I love my iPod. Aside from the fact that it's exacerbated my tinnitus one billion-fold and I've now got a permanent whistle in my head, it is the perfect aid to Christmas shopping.
Imagine, if you will, Europe's largest inner-city shopping centre the weekend before Christmas. Now imagine thousands of orange women, swaggering teenage fuckwits, couples walking in slow motion, and fat families going puce with rage as they push prams containing their revolting screaming offspring into your legs.
Yet none of them upset me in the slightest, as into my ears trilled my new hero; Tim Minchin ~
On the downside, I've got a rip in the lining of my anal canal. This made walking around said shopping centre less pleasant than it already wasn't. I have no idea how this tear occurred. Perhaps because things seem to be on the up for me at the moment, God (despite not existing), appears to want to fuck with my bottom, as it were.
I first realised something was amiss when I took a crap at work a couple of days ago and it felt like giving birth. Granted, there's a lot wrong with that sentence, but it was a fresh hell of eye watering pain and blood and lots of trill whispers of 'Why'? as I reached out to clasp wall and bang on the floor with my feet.
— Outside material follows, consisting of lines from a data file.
lemma H_shift_le:
  assumes B_bound: "\<And>u. \<bar>u - t\<bar> \<le> R \<Longrightarrow> \<bar>B a u\<bar> \<le> M"
    and near: "\<bar>x - t\<bar> + \<bar>h\<bar> \<le> R"
  shows "H a (x + h) \<le> H a x * exp (h * A a t + \<bar>h\<bar> * \<bar>x - t\<bar> * M + h\<^sup>2 / 2 * M)"
proof -
  have "\<bar>B a u\<bar> \<le> M" if "min x (x + h) \<le> u" "u \<le> max x (x + h)" for u
    using that near by (intro B_bound) linarith
  then have taylor: "ln (H a (x + h)) \<le> ln (H a x) + h * A a x + h\<^sup>2 / 2 * M"
    using ln_H_le_second_order[of x "x + h" M] by force
  have "\<bar>B a u\<bar> \<le> M" if "min t x \<le> u" "u \<le> max t x" for u
    using that near by (intro B_bound) linarith
  then have "\<bar>A a x - A a t\<bar> \<le> M * \<bar>x - t\<bar>"
    using A_lipschitz[of t x M] by blast
  then have "\<bar>h\<bar> * \<bar>A a x - A a t\<bar> \<le> \<bar>h\<bar> * (M * \<bar>x - t\<bar>)"
    by (rule mult_left_mono) simp
  moreover have "h * (A a x - A a t) \<le> \<bar>h\<bar> * \<bar>A a x - A a t\<bar>"
    by (simp add: abs_mult[symmetric])
  ultimately have "h * A a x \<le> h * A a t + \<bar>h\<bar> * \<bar>x - t\<bar> * M"
    by (simp add: algebra_simps)
  with taylor have "ln (H a (x + h)) \<le> ln (H a x) + (h * A a t + \<bar>h\<bar> * \<bar>x - t\<bar> * M + h\<^sup>2 / 2 * M)"
    by linarith
  then have "exp (ln (H a (x + h))) \<le> exp (ln (H a x)) * exp (h * A a t + \<bar>h\<bar> * \<bar>x - t\<bar> * M + h\<^sup>2 / 2 * M)"
    by (simp flip: exp_add)
  then show ?thesis
    using H_pos by simp
qed

lemma norm_tail_le_tilted:
  assumes "0 < \<theta>"
  shows "cmod (\<Sum>k. if r < \<bar>real k - c\<bar>
                   then complex_of_real ((a k)\<^sup>2) * exp (of_nat k * \<tau>) else 0)
         \<le> exp (- \<theta> * (c + r)) * H a (Re \<tau> + \<theta>) + exp (\<theta> * (c - r)) * H a (Re \<tau> - \<theta>)"
proof -
  define U where "U k = exp (- \<theta> * (c + r)) * ((a k)\<^sup>2 * exp (real k * (Re \<tau> + \<theta>)))
    + exp (\<theta> * (c - r)) * ((a k)\<^sup>2 * exp (real k * (Re \<tau> - \<theta>)))" for k
  have U_sum: "U sums (exp (- \<theta> * (c + r)) * H a (Re \<tau> + \<theta>) + exp (\<theta> * (c - r)) * H a (Re \<tau> - \<theta>))"
    unfolding U_def[abs_def] H_def
    by (intro sums_add sums_mult summable_sums summable_H)
  have "cmod (if r < \<bar>real k - c\<bar> then complex_of_real ((a k)\<^sup>2) * exp (of_nat k * \<tau>) else 0)
        \<le> U k" for k
  proof (cases "r < \<bar>real k - c\<bar>")
    case True
    have norm_term: "cmod (complex_of_real ((a k)\<^sup>2) * exp (of_nat k * \<tau>)) = (a k)\<^sup>2 * exp (real k * Re \<tau>)"
      by (simp add: norm_mult norm_power)
    have "exp (real k * Re \<tau>) \<le> exp (- \<theta> * (c + r)) * exp (real k * (Re \<tau> + \<theta>))
                              + exp (\<theta> * (c - r)) * exp (real k * (Re \<tau> - \<theta>))"
    proof (cases "r < real k - c")
      case True
      then have "\<theta> * (c + r) \<le> \<theta> * real k"
        using assms by (intro mult_left_mono) auto
      then have "exp (real k * Re \<tau>) \<le> exp (- \<theta> * (c + r)) * exp (real k * (Re \<tau> + \<theta>))"
        by (simp add: exp_add[symmetric] algebra_simps)
      then show ?thesis
        by (rule add_increasing2[rotated]) simp
    next
      case False
      then have "\<theta> * (real k + r) \<le> \<theta> * c"
        using assms \<open>r < \<bar>real k - c\<bar>\<close> by (intro mult_left_mono) auto
      then have "exp (real k * Re \<tau>) \<le> exp (\<theta> * (c - r)) * exp (real k * (Re \<tau> - \<theta>))"
        by (simp add: exp_add[symmetric] algebra_simps)
      then show ?thesis
        by (rule add_increasing[rotated]) simp
    qed
    then have "(a k)\<^sup>2 * exp (real k * Re \<tau>) \<le> (a k)\<^sup>2 * (exp (- \<theta> * (c + r)) * exp (real k * (Re \<tau> + \<theta>))
                              + exp (\<theta> * (c - r)) * exp (real k * (Re \<tau> - \<theta>)))"
      by (rule mult_left_mono) simp_all
    also have "\<dots> = U k"
      unfolding U_def by (simp only: distrib_left mult.left_commute)
    finally show ?thesis
      using True norm_term by simp
  qed (simp add: U_def)
  from norm_suminf_le[OF this sums_summable[OF U_sum]] show ?thesis
    by (simp add: sums_unique[OF U_sum, symmetric])
qed

lemma norm_tail_le:
  assumes B_pos: "0 < B a t" and s: "4 < s"
    and near: "\<bar>Re \<tau> - t\<bar> < 1 / sqrt (B a t)"
    and window: "\<And>u. \<bar>u - t\<bar> \<le> s / sqrt (B a t) \<Longrightarrow> \<bar>B a u\<bar> \<le> 4 * B a t"
  shows "cmod (\<Sum>k. if \<bar>real k - A a t\<bar> > s * sqrt (B a t)
                   then complex_of_real ((a k)\<^sup>2) * exp (of_nat k * \<tau>) else 0)
         \<le> 2 * H a (Re \<tau>) * exp (- ((s - 4)\<^sup>2) / 8)"
proof -
  define b where "b = sqrt (B a t)"
  define \<theta> where "\<theta> = (s - 4) / (4 * b)"
  define x where "x = Re \<tau>"
  have b: "0 < b" "b\<^sup>2 = B a t"
    using B_pos by (auto simp: b_def)
  have \<theta>: "0 < \<theta>"
    using s b by (simp add: \<theta>_def)
  have x: "\<bar>x - t\<bar> * b \<le> 1"
    using near b by (simp add: x_def b_def field_simps)
  let ?R = "\<theta> * \<bar>x - t\<bar> * (4 * B a t) + \<theta>\<^sup>2 / 2 * (4 * B a t)"
  have exponent: "?R - \<theta> * (s * b) \<le> - ((s - 4)\<^sup>2) / 8"
  proof -
    have "\<theta> * \<bar>x - t\<bar> * (4 * B a t) = 4 * \<theta> * b * (\<bar>x - t\<bar> * b)"
      by (simp add: b(2)[symmetric] power2_eq_square)
    also have "\<dots> \<le> 4 * \<theta> * b"
      using x \<theta> b by (intro mult_left_le) auto
    finally have "\<theta> * \<bar>x - t\<bar> * (4 * B a t) \<le> 4 * \<theta> * b" .
    moreover have "4 * \<theta> * b + \<theta>\<^sup>2 / 2 * (4 * B a t) - \<theta> * (s * b) = - ((s - 4)\<^sup>2) / 8"
      using b by (simp add: \<theta>_def b(2)[symmetric] power2_eq_square field_simps)
    ultimately show ?thesis
      by linarith
  qed
  have tilt: "exp (- h * A a t - \<theta> * (s * b)) * H a (x + h) \<le> H a x * exp (- ((s - 4)\<^sup>2) / 8)"
    if h: "\<bar>h\<bar> = \<theta>" for h
  proof -
    have "\<bar>x - t\<bar> + \<bar>h\<bar> \<le> 1 / b + (s - 4) / (4 * b)"
      using x b h by (simp add: \<theta>_def field_simps)
    also have "\<dots> = s / (4 * b)"
      using b by (simp add: field_simps)
    also have "\<dots> \<le> s / b"
      using s b by (intro divide_left_mono) auto
    finally have "\<bar>x - t\<bar> + \<bar>h\<bar> \<le> s / b" .
    then have "H a (x + h) \<le> H a x * exp (h * A a t + ?R)"
      using H_shift_le[of t "s / b" "4 * B a t" x h] window h power2_abs[of h] by (simp add: b_def add.assoc)
    then have "exp (- h * A a t - \<theta> * (s * b)) * H a (x + h)
        \<le> exp (- h * A a t - \<theta> * (s * b)) * (H a x * exp (h * A a t + ?R))"
      by (rule mult_left_mono) simp
    also have "\<dots> = H a x * exp (?R - \<theta> * (s * b))"
      by (simp add: mult.left_commute flip: exp_add)
    also have "\<dots> \<le> H a x * exp (- ((s - 4)\<^sup>2) / 8)"
      using exponent H_pos[of x] by (intro mult_left_mono) auto
    finally show ?thesis .
  qed
  show ?thesis
    using norm_tail_le_tilted[OF \<theta>, of "s * b" "A a t" \<tau>] tilt[of \<theta>] tilt[of "- \<theta>"] \<theta>
    by (simp add: x_def b_def algebra_simps)
qed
Two days on and there's little improvement. Although I'm pretty sure I haven't got haemmorhoids, I did attempt to buy some Anusol this afternoon if only to relieve the burning sensation that's afflicted my backdoor calamari, but I couldn't face the shame - or, indeed, find any. Besides, I'd have only been forced to buy half a dozen other items I don't currently need, just to bamboozle the cashier into not noticing; shower gel (beep), deodorant (beep), tissues (beep), medicated cream for anal ulcerations (beep).
But on the plus side, three and a half working days left til Christmas and the end of the year, nay, the decade.
Merry flippin' Christmas, everyone, and a Happy New Year!!!!!!!